In order to evaluate the efficiency of this new platform for de novo bioactivity prediction from complex mixtures, we tested two different query approaches. These included querying the SNF network for natural products clustering predominately near other reference compounds and filtering for metabolites with highly correlated biological activity. These strategies were selected to test the platform under different conditions, from simple situations where the annotations were unanimous, to complex situations with multiple reference compound types and multiple natural product fractions. In each approach, we highlight the contribution of SNF and metabolomics towards identification of both the natural product driving the signature and its biological mechanism of action.

Identification of trichostatin A from an HDAC-inhibitor enriched cluster validates the integrated SNF platform

We first sought to validate the SNF network by querying the dataset for natural product fractions that clustered mainly with reference compounds from a single target class. In the SNF-Euclidean APC, there were 6 clusters that were highly enriched for chemicals belonging to the same target class (p<1E-10): Cluster 48 (HSP), Cluster 49 (HDAC), Cluster 76 (Epigenetic Reader Domain), Cluster 100 (mTOR), and Cluster 103 (Proteasome) (Figure 3B; Supplementary Table 2, SNF-Euclidean APC Cytoscape file). Of these, Clusters 49, 100 and 103 contained natural product fractions (3 in Cluster 49, 1 in Cluster 100, and 1 in Cluster 103), thus identifying readily testable MOA hypotheses for each of these. A KS-test also confirmed that association between chemicals in the HDAC inhibitor target class is preserved in the full dataset, and that these associations were still significantly improved in SNF (p=1.8e-61; Figure 4A).

We chose to focus on the HDAC inhibitor cluster for validation because it contained 3 sequential natural product fractions from the Linington library (SW218953, SW218954, and SW218955) (Figure 4B). The presence of multiple NPFs from the same series suggests the presence of common metabolite profiles. Filtering of the metabolomics data by setting the minimum SNF score to 0.25 and limiting the display to only those features present in the three natural products fractions in this cluster revealed a vertical “stripe” of mass spectrometry features at 3.13 minutes with a parent mass feature of 323.1713 m/z (Figure 4C; red box). This pattern of signals is indicative of both a parent mass and associated in-source fragments from the LCMS analysis (extracted ion chromatograms for the NP fractions are included in Supplementary Figure 7). Subsequent chromatographic optimization, purification and NMR analysis from SW218953 (Figure 4D) identified this product as the known bacterial metabolite trichostatin A (Figure 4E). Trichostatin A has been extensively studied for its activity as an HDAC inhibitor28,29. Notably, Cluster 49 also contained pure trichostatin A from the Selleck library (cluster members are listed in Supplementary Table 3). An analysis of the top 50 nearest neighbors to trichostatin A in the Euclidean SNF dataset confirms that these three natural product fractions are tightly associated with HDAC inhibitors (Figure 4F, CP images can be found in Supplementary Figure 8). Therefore the a priori MOA prediction from the HIFAN platform aligns well with the literature data for this class of bioactive molecules, demonstrating the power of this annotation strategy.

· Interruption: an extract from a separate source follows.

(* With the icosahedral setting of the context, let $\omega>0$, $n\ge2$ and $y\in\mathcal{I}$. Then \[ w_n(x;y)=\sum_{j=0}^{\lfloor n/2\rfloor}\left(-\frac{\tau+2}{4\omega}\right)^j\frac{1}{(15\kappa+\tfrac32+n-2j)_j}\,\frac{\nu(n)}{\nu(n-2j)}\,L_j^{(15\kappa+1/2+n-2j)}\left(\omega|x|^2\right)\phi_{n-2j}(x;y). \]
   Context: Let $\tau=(1+\sqrt5)/2$. Vectors in $\mathbb{R}^3$ are row vectors; $\langle x,y\rangle=\sum x_iy_i$, $|x|^2=\langle x,x\rangle$. Let $\kappa\ge0$ be real. Let $\mathcal{I}=\{(0,\pm\tau,\pm1),(\pm1,0,\pm\tau),(\pm\tau,\pm1,0)\}$. For $y_0\in\mathcal{I}$, $q_n(x;y_0)$ are defined by $\left(1-r\langle x,y_0\rangle\right)^{-1}\prod_{y\in\mathcal{I}}\left(1-r\langle x,y\rangle\right)^{-\kappa}=\sum_{n\ge0}q_n(x;y_0)r^n$. $\nu(n)=2^n(6\kappa+1)_s(5\kappa+\tfrac12)_t$ with $s=\lfloor n/2\rfloor$, $t=\lfloor (n+1)/2\rfloor$, $(a)_k=a(a+1)\cdots(a+k-1)$. For $n\ge0$ define $w_n(x;y_0)=\sum_{j=0}^{\lfloor n/2\rfloor}(-1)^j\frac{(\tau+2)^j}{(4\omega)^jj!}\frac{\nu(n)}{\nu(n-2j)}q_{n-2j}(x;y_0)$ and $\phi_n(x;y_0)=\sum_{j=0}^{\lfloor n/2\rfloor}\frac{(\tau+2)^j|x|^{2j}}{4^jj!\,(-15\kappa-n+1/2)_j}\frac{\nu(n)}{\nu(n-2j)}q_{n-2j}(x;y_0)$ (so $\phi_0=1$). The Laguerre polynomial is $L_m^{(\alpha)}(s)=\frac{(\alpha+1)_m}{m!}\sum_{j=0}^m\frac{(-m)_j}{(\alpha+1)_j}\frac{s^j}{j!}$. *)

theory Defs
  imports "HOL-Analysis.Analysis" "HOL-Computational_Algebra.Formal_Power_Series"
begin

Metabolomics-driven SNF cluster identifies desferrioxamine class natural products

Next we explored whether filtering for highly interrelated SNF scores could identify novel metabolites in our natural product libraries. Filtering the metabolomics data using the standard approach outlined above, with an SNF score of 0.15, identified two related molecules with parent mass to charge ratios of 587.3395 and 601.3567, present in SW218716, SW218717 and SW218718, SW218850, SW218755 and a few other natural product fractions (Figure 5A, Supplementary Figure 9). Chromatographic optimization, purification and structure elucidation identified these metabolites as desferrioxamines D2 and E (DFOD and DFOE) (Figure 5B). Querying the SNF-Euclidean network for the top 50 nearest neighbors to SW218850 revealed that it is closely associated with other DFOE-containing natural product fractions, with two formulations of Ciclopirox (SelleckChem catalog numbers S2528 and S3019), a known bidentate iron chelator, and another iron chelator Deferasirox (SelleckChem S1712) (Figure 5C). In addition to associating with natural product fractions and iron chelators, when the region of the APC map that contains these natural product fractions is examined, it is enriched with reference compounds that inhibit DNA synthesis and/or inhibit cell cycle progression (Figure 5D). Iron depletion is known to cause G1/S arrest in a variety of cell types 30-32. Desferrioxamine specifically has been has shown to induce G1/S arrest due to activation of HIF-1a33, activation of members of the MAPK signaling pathway34, and upregulation of the GADD family of stress response genes35. Thus, the prediction is entirely consistent with literature evidence for the desferrioxamine family of metabolites.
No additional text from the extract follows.